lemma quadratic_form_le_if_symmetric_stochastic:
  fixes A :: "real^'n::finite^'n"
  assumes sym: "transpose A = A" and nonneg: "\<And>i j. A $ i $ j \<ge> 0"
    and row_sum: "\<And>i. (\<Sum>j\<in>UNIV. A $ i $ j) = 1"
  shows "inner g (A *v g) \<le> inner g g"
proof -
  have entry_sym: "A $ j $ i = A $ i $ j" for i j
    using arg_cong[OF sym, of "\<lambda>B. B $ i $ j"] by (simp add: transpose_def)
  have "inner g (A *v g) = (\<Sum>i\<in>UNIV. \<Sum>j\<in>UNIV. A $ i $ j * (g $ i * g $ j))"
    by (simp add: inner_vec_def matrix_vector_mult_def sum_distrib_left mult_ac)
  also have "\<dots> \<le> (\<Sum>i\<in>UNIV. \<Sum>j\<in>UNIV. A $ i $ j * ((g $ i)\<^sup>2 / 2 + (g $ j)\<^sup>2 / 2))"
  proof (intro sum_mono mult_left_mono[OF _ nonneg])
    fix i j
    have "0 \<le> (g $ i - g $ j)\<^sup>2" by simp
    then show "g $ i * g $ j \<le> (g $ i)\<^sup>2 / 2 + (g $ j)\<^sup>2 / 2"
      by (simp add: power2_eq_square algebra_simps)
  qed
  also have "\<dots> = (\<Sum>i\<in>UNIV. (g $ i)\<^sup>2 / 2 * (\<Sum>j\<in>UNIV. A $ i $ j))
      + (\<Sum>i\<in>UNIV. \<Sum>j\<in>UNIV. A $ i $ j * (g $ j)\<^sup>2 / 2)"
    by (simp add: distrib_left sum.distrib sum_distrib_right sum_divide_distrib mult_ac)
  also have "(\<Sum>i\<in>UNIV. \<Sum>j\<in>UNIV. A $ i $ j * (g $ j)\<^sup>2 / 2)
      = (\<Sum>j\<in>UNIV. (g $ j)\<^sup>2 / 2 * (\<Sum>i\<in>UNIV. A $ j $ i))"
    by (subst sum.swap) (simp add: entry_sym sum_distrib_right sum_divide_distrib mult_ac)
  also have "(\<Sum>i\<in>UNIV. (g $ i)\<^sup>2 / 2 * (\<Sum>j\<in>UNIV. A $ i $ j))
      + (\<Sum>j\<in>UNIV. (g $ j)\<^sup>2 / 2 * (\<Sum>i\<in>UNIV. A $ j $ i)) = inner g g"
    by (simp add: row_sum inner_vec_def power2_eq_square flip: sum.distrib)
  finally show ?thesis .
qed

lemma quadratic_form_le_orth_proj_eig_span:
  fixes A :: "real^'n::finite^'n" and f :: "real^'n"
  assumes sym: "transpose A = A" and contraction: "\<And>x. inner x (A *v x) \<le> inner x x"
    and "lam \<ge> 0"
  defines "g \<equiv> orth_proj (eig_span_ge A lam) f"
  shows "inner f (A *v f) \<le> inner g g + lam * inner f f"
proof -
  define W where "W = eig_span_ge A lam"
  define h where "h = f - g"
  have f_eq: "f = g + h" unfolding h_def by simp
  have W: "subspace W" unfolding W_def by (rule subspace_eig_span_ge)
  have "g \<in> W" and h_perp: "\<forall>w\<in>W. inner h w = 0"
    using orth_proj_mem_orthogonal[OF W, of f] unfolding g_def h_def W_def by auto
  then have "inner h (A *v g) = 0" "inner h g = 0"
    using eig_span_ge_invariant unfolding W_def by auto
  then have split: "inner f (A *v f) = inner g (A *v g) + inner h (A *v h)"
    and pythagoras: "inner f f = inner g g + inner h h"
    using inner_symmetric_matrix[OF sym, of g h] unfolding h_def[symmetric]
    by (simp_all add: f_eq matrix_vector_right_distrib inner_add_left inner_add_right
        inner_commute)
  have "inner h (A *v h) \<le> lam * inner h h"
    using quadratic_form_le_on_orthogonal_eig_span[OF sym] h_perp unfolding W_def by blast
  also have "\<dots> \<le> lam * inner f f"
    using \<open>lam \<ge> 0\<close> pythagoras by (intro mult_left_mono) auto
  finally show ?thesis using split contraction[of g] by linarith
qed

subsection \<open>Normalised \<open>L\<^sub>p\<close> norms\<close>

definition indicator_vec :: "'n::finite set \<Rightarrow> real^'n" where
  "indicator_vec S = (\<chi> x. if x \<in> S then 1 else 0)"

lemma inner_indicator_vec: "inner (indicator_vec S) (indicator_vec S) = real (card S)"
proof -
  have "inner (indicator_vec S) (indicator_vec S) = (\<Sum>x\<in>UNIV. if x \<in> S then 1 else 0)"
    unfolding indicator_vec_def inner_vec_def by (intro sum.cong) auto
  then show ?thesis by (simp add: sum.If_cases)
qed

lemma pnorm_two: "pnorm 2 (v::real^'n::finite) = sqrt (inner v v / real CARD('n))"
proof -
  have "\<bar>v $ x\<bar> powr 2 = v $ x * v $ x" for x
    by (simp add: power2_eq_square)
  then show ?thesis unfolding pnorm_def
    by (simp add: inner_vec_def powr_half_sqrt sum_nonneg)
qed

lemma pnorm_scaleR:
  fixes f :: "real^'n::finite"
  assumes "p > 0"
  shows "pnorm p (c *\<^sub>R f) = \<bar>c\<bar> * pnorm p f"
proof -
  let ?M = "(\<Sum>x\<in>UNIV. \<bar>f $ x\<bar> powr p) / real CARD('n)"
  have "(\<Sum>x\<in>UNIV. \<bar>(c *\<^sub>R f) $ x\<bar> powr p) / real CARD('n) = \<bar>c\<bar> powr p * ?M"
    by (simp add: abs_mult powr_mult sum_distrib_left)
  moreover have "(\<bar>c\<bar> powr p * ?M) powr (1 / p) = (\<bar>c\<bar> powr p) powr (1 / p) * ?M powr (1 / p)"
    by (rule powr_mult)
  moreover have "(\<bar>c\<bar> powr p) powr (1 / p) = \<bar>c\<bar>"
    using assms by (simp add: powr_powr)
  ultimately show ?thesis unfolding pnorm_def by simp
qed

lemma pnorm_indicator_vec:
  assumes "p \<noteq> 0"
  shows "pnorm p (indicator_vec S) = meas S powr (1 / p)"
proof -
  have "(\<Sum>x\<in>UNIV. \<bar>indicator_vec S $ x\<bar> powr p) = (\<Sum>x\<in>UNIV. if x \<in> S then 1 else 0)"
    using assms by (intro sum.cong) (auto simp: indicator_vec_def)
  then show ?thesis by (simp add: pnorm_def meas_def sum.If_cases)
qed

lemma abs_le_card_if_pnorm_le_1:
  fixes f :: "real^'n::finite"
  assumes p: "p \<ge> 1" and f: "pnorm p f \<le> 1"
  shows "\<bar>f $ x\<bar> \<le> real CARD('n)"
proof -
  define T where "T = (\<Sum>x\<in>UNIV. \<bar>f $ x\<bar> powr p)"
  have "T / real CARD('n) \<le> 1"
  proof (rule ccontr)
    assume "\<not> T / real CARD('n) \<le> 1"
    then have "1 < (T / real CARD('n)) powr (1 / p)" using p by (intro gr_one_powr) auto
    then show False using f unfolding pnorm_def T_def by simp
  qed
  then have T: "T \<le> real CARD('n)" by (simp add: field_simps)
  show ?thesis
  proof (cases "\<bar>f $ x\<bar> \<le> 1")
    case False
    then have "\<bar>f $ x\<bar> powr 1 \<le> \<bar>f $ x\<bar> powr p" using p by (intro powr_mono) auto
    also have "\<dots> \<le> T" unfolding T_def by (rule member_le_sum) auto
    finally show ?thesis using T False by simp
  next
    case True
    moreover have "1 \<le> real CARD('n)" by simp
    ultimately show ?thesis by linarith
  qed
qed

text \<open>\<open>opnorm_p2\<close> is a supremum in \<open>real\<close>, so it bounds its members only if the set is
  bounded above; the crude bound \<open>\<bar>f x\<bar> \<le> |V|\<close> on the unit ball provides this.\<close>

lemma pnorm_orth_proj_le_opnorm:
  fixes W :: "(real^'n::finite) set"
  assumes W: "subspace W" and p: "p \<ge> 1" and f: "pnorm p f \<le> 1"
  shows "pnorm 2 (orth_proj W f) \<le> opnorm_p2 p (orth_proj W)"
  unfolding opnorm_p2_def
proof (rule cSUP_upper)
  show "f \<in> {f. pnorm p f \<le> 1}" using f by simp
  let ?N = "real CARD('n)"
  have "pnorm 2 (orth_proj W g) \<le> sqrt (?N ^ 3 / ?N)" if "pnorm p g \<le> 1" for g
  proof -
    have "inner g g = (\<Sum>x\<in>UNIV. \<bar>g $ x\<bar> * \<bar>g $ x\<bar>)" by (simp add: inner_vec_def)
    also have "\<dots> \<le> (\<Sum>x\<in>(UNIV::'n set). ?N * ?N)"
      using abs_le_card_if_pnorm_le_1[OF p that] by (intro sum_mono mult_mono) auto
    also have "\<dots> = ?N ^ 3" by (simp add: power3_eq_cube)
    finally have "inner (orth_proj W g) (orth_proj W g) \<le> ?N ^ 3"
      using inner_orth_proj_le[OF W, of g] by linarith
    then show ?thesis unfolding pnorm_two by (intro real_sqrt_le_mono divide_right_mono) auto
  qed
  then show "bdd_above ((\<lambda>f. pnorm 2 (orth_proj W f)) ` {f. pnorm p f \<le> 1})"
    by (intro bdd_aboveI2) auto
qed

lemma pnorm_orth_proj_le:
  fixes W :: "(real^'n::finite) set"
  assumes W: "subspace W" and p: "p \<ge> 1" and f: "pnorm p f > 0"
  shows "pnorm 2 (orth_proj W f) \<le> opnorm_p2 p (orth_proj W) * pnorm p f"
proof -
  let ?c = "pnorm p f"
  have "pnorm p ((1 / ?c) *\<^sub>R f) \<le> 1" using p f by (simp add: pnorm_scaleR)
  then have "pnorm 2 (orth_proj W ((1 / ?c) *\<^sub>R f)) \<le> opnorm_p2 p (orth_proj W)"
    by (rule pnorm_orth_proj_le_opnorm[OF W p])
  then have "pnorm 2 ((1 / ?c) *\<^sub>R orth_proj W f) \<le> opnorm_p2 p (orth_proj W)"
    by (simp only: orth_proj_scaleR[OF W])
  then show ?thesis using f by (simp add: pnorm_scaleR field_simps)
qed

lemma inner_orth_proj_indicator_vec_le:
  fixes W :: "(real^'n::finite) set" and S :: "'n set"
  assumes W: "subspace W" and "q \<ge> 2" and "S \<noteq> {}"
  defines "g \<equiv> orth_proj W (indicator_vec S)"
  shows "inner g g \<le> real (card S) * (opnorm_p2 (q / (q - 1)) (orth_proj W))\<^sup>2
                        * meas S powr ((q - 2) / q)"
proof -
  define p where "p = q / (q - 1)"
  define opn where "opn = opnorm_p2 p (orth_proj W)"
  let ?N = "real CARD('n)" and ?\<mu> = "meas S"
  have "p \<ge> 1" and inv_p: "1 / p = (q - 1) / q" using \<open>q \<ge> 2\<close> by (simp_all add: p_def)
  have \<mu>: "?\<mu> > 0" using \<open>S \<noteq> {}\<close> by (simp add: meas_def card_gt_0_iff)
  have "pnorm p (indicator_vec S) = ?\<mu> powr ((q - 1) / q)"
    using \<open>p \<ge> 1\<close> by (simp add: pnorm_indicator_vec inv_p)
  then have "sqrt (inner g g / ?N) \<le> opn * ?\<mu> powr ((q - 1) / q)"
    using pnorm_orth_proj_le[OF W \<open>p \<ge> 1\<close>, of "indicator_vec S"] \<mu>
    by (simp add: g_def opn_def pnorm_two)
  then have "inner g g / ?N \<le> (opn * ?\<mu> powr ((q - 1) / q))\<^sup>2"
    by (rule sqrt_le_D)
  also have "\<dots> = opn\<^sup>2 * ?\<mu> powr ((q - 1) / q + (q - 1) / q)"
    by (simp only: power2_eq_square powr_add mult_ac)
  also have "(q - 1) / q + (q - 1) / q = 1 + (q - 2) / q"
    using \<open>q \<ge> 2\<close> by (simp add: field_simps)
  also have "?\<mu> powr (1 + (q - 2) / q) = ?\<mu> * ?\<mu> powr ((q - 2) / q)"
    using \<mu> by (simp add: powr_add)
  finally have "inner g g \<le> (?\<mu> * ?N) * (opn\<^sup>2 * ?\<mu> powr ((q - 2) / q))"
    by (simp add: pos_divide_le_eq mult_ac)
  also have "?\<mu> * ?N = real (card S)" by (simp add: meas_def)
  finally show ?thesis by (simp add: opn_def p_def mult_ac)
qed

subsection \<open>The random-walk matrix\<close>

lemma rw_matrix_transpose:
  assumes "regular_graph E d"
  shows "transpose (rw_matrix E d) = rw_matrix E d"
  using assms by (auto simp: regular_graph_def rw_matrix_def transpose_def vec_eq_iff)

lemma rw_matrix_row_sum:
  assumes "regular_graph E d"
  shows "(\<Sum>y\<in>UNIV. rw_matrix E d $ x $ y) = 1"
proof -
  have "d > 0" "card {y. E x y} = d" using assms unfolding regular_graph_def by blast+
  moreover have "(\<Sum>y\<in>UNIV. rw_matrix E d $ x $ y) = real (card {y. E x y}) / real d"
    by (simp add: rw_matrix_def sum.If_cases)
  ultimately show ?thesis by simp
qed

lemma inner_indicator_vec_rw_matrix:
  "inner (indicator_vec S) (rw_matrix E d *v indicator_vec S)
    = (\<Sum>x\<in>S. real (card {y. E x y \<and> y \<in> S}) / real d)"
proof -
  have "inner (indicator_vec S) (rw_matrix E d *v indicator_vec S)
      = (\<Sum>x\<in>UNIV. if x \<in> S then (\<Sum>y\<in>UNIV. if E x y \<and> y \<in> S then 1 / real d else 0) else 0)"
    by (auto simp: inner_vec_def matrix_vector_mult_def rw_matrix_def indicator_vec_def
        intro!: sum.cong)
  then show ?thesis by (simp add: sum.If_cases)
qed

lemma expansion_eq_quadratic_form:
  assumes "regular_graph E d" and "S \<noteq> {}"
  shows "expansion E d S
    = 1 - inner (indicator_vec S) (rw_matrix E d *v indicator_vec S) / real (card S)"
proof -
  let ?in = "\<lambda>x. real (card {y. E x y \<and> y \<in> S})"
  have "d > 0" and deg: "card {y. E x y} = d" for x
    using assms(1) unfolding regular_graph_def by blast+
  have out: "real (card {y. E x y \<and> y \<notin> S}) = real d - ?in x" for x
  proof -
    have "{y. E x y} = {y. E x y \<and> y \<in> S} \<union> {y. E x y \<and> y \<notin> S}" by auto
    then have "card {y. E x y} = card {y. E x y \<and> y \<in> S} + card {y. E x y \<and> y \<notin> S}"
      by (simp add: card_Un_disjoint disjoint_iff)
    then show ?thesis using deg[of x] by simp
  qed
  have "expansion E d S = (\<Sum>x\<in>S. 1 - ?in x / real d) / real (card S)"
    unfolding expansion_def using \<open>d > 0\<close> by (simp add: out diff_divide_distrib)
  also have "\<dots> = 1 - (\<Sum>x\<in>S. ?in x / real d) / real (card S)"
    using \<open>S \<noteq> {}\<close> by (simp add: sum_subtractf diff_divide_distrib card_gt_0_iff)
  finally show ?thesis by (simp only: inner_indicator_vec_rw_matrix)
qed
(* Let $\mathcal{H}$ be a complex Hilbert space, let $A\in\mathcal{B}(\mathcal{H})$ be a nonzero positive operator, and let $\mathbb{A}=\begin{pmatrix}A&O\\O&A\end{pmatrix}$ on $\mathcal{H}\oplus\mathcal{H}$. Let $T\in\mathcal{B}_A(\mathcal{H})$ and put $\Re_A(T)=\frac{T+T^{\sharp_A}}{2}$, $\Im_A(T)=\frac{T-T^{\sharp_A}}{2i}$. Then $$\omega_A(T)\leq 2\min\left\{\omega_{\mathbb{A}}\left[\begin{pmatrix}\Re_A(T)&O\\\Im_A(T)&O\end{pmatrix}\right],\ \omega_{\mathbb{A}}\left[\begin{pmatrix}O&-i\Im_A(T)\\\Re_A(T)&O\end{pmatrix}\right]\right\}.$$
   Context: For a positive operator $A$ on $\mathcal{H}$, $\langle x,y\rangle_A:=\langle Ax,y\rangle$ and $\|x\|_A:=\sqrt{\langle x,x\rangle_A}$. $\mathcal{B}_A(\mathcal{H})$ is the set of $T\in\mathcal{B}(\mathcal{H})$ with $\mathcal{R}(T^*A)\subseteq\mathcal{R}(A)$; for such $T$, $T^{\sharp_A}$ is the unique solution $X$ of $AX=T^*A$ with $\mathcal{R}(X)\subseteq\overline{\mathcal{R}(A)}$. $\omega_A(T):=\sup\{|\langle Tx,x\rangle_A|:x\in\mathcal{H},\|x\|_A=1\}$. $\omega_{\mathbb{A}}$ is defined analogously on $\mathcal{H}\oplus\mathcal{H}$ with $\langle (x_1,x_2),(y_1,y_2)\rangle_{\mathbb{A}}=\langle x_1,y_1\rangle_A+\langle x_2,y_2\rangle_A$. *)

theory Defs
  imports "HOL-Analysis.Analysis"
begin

──────────────────────────────

**WORK TO COMPLETE**
Only the lines above that include the word "linarith" belong in the answer; copy each one.

**YOUR SOLUTION**
  finally show ?thesis using split contraction[of g] by linarith
    ultimately show ?thesis by linarith
      using inner_orth_proj_le[OF W, of g] by linarith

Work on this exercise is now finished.